======== MATERIAL FOR THIS TASK ========
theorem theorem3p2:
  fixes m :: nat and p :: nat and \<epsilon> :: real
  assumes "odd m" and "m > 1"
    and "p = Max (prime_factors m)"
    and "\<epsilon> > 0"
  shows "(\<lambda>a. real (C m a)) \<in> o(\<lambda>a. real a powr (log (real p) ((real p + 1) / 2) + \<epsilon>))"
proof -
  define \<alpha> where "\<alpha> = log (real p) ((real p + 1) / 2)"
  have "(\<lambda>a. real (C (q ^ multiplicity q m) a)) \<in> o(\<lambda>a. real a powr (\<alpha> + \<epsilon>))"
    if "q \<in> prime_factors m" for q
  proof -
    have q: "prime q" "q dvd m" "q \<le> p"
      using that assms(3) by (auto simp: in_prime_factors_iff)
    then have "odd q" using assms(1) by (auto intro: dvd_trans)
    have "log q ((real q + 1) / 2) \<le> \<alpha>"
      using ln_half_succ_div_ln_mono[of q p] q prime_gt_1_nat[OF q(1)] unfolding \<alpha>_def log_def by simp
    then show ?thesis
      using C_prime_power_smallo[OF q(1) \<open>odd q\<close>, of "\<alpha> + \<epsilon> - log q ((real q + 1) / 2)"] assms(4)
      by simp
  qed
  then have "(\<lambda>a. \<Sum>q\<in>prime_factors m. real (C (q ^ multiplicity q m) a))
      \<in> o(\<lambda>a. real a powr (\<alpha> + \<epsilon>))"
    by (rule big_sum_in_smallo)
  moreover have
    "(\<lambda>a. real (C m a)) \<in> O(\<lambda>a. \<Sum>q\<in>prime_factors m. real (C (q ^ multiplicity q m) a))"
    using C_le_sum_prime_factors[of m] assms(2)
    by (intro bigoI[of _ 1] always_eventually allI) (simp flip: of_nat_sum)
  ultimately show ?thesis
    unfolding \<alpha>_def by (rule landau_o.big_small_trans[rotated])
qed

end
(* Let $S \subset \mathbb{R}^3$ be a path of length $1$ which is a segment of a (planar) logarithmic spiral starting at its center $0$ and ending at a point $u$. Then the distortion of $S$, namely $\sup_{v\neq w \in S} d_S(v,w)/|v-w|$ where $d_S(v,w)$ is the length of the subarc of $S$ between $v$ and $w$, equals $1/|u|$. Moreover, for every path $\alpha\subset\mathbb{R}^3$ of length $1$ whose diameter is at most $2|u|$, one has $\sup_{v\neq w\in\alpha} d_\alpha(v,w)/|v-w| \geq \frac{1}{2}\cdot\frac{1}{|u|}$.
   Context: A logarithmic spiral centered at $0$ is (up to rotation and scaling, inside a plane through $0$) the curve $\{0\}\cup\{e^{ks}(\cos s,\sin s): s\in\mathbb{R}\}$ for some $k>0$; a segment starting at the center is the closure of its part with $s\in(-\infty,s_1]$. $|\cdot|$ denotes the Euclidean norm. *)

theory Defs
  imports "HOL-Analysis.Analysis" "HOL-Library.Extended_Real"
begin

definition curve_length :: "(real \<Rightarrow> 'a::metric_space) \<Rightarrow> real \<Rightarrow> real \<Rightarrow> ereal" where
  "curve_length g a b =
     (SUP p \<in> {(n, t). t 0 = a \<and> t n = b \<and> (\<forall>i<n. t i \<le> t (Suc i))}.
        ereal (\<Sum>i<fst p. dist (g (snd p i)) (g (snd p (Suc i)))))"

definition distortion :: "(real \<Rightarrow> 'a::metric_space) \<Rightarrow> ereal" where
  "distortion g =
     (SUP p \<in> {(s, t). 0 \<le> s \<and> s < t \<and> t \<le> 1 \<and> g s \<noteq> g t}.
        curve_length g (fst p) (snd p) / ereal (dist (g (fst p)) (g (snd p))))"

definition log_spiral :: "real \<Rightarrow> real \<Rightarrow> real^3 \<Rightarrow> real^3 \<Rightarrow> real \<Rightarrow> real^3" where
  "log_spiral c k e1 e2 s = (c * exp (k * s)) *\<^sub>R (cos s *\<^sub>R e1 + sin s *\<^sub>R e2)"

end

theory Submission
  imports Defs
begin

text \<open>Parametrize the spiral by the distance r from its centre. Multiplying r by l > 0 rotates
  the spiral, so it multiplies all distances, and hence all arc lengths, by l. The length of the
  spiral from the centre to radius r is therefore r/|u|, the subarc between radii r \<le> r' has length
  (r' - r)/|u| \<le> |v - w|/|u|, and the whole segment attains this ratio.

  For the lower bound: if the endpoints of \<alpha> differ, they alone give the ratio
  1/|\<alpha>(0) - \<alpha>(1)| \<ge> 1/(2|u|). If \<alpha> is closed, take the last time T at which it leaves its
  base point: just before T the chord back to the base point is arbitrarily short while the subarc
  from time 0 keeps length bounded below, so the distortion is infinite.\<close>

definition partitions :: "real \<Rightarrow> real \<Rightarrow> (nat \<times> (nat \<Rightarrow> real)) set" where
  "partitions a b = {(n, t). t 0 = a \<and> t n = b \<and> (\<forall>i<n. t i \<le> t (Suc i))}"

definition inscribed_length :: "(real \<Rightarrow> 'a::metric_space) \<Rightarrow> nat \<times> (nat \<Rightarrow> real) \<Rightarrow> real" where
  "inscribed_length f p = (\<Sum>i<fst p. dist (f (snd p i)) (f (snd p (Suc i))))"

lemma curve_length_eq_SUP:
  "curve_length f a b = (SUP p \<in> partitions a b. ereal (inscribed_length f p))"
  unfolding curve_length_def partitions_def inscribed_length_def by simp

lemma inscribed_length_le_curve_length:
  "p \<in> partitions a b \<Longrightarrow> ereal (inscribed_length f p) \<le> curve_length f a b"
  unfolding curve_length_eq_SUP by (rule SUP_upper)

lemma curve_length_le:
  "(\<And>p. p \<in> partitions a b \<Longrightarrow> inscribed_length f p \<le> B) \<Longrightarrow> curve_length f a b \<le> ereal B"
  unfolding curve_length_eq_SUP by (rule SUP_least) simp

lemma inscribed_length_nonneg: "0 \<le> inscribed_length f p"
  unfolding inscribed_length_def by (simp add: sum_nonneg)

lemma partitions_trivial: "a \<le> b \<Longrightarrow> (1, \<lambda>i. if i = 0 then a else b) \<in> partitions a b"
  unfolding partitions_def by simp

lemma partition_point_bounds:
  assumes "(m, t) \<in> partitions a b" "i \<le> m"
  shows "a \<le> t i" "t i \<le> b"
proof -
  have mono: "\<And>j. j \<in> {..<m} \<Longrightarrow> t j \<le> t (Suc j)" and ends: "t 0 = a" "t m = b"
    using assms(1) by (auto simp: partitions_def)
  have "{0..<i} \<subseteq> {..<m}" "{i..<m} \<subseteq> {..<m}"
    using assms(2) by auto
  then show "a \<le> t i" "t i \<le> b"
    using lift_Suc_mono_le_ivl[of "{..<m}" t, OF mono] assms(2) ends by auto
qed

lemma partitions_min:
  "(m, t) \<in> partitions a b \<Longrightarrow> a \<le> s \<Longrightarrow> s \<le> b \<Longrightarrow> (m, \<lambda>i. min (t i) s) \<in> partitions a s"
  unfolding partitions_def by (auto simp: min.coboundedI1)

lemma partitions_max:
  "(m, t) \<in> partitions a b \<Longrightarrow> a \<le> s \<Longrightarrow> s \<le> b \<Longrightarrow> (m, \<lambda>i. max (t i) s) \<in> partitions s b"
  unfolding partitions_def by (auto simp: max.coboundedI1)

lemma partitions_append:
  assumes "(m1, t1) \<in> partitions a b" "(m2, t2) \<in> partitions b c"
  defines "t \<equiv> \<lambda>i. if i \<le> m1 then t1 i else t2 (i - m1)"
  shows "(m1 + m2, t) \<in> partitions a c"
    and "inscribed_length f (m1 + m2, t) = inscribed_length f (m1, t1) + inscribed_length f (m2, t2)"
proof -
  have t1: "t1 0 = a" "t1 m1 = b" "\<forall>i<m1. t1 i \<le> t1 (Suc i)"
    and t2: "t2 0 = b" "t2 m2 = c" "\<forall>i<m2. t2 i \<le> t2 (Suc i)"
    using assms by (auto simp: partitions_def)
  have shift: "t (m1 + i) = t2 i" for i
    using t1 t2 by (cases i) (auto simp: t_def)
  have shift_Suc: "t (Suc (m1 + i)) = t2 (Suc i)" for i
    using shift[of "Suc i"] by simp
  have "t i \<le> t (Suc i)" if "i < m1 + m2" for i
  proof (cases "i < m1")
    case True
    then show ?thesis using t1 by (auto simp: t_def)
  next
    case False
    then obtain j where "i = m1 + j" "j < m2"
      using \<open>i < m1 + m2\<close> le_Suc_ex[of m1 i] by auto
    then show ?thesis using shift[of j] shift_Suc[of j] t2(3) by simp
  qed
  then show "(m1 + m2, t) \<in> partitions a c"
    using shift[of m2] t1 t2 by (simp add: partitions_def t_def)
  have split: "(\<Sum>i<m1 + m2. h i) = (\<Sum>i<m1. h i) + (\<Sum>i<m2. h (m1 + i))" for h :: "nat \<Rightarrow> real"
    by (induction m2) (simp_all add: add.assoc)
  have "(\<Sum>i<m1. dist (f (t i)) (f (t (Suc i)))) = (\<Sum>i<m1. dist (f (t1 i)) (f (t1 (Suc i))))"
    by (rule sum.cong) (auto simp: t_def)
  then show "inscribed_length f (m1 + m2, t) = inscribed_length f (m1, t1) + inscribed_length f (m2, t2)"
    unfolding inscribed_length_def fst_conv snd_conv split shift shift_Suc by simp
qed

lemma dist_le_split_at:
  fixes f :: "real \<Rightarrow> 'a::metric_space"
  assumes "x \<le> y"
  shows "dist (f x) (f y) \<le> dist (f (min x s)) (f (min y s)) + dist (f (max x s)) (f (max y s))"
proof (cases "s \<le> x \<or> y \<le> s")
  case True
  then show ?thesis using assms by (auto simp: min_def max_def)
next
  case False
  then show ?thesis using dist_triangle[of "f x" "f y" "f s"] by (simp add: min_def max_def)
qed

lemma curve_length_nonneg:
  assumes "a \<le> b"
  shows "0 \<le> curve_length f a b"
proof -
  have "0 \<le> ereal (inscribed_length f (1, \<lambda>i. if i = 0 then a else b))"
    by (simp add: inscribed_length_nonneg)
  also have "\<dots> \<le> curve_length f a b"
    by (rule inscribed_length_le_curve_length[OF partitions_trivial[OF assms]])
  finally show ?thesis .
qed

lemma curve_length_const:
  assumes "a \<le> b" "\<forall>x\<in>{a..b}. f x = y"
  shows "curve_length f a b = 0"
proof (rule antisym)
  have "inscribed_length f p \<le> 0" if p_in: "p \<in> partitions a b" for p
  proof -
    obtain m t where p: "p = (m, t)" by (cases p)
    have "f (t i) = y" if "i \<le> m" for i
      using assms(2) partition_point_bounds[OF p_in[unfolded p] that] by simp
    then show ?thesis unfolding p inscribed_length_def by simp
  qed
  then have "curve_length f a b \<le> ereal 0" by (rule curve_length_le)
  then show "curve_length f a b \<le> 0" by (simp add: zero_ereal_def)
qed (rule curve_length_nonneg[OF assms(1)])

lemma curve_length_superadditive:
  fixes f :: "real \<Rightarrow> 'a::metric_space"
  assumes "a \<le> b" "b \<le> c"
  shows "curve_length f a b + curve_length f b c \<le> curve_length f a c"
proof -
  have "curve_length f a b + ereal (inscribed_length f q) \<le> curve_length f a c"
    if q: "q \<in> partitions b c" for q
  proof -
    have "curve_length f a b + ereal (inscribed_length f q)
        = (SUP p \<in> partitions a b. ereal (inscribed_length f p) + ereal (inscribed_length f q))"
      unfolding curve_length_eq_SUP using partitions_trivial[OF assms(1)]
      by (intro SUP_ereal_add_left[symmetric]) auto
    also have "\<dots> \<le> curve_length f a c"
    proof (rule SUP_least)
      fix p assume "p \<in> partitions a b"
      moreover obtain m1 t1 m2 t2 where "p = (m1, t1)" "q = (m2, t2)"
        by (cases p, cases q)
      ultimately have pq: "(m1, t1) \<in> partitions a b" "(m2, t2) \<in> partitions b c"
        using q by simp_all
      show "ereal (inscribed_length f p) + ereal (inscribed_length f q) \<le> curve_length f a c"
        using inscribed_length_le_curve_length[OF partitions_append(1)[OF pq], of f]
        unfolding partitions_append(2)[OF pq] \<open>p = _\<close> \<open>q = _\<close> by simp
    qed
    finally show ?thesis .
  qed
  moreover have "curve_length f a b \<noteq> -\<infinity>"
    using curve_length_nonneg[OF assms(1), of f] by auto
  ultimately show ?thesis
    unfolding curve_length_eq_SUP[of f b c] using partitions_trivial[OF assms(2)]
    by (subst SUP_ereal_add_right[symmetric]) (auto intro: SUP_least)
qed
========
======== MATERIAL FOR THIS TASK ========
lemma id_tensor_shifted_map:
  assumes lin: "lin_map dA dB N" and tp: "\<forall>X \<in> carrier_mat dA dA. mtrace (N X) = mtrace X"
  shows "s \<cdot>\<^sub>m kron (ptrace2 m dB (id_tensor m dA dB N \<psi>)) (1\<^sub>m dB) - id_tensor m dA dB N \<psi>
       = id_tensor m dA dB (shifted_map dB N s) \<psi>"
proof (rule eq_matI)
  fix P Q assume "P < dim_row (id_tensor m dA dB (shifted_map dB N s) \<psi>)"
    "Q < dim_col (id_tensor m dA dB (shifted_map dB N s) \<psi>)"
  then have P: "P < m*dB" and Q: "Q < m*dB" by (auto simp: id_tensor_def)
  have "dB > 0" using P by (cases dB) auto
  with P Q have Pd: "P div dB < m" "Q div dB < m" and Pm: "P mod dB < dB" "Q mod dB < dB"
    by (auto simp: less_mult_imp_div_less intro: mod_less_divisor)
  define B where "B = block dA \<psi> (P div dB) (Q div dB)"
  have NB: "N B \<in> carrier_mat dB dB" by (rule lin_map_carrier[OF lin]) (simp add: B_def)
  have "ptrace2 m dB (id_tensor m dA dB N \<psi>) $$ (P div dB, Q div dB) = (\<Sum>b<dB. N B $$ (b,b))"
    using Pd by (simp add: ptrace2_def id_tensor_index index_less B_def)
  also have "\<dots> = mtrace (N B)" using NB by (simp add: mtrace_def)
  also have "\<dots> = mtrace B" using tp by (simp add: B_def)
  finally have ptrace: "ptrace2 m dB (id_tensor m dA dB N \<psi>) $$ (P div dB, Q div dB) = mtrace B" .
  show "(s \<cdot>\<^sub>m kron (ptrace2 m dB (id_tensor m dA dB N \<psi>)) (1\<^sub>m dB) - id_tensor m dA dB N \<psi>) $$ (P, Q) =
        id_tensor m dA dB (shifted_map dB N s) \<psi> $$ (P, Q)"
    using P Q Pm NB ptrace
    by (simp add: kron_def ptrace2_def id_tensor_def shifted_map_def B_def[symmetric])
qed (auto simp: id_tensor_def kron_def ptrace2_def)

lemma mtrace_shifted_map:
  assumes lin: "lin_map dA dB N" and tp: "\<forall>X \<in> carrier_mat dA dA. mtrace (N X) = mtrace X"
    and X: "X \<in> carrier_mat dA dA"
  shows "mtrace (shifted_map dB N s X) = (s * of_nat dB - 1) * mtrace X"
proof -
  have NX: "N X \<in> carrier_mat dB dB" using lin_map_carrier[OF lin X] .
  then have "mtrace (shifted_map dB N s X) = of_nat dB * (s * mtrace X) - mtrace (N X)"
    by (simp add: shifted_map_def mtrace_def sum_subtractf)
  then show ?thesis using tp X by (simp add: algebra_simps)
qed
========
TASK DIRECTIONS: Give again, word for word, every line of the listing above from the one with "f (1, \<lambda>i." to the one with "(simp add: zero_ereal_def)", both inclusive, and nothing beyond them.

TASK ANSWER:
  have "0 \<le> ereal (inscribed_length f (1, \<lambda>i. if i = 0 then a else b))"
    by (simp add: inscribed_length_nonneg)
  also have "\<dots> \<le> curve_length f a b"
    by (rule inscribed_length_le_curve_length[OF partitions_trivial[OF assms]])
  finally show ?thesis .
qed

lemma curve_length_const:
  assumes "a \<le> b" "\<forall>x\<in>{a..b}. f x = y"
  shows "curve_length f a b = 0"
proof (rule antisym)
  have "inscribed_length f p \<le> 0" if p_in: "p \<in> partitions a b" for p
  proof -
    obtain m t where p: "p = (m, t)" by (cases p)
    have "f (t i) = y" if "i \<le> m" for i
      using assms(2) partition_point_bounds[OF p_in[unfolded p] that] by simp
    then show ?thesis unfolding p inscribed_length_def by simp
  qed
  then have "curve_length f a b \<le> ereal 0" by (rule curve_length_le)
  then show "curve_length f a b \<le> 0" by (simp add: zero_ereal_def)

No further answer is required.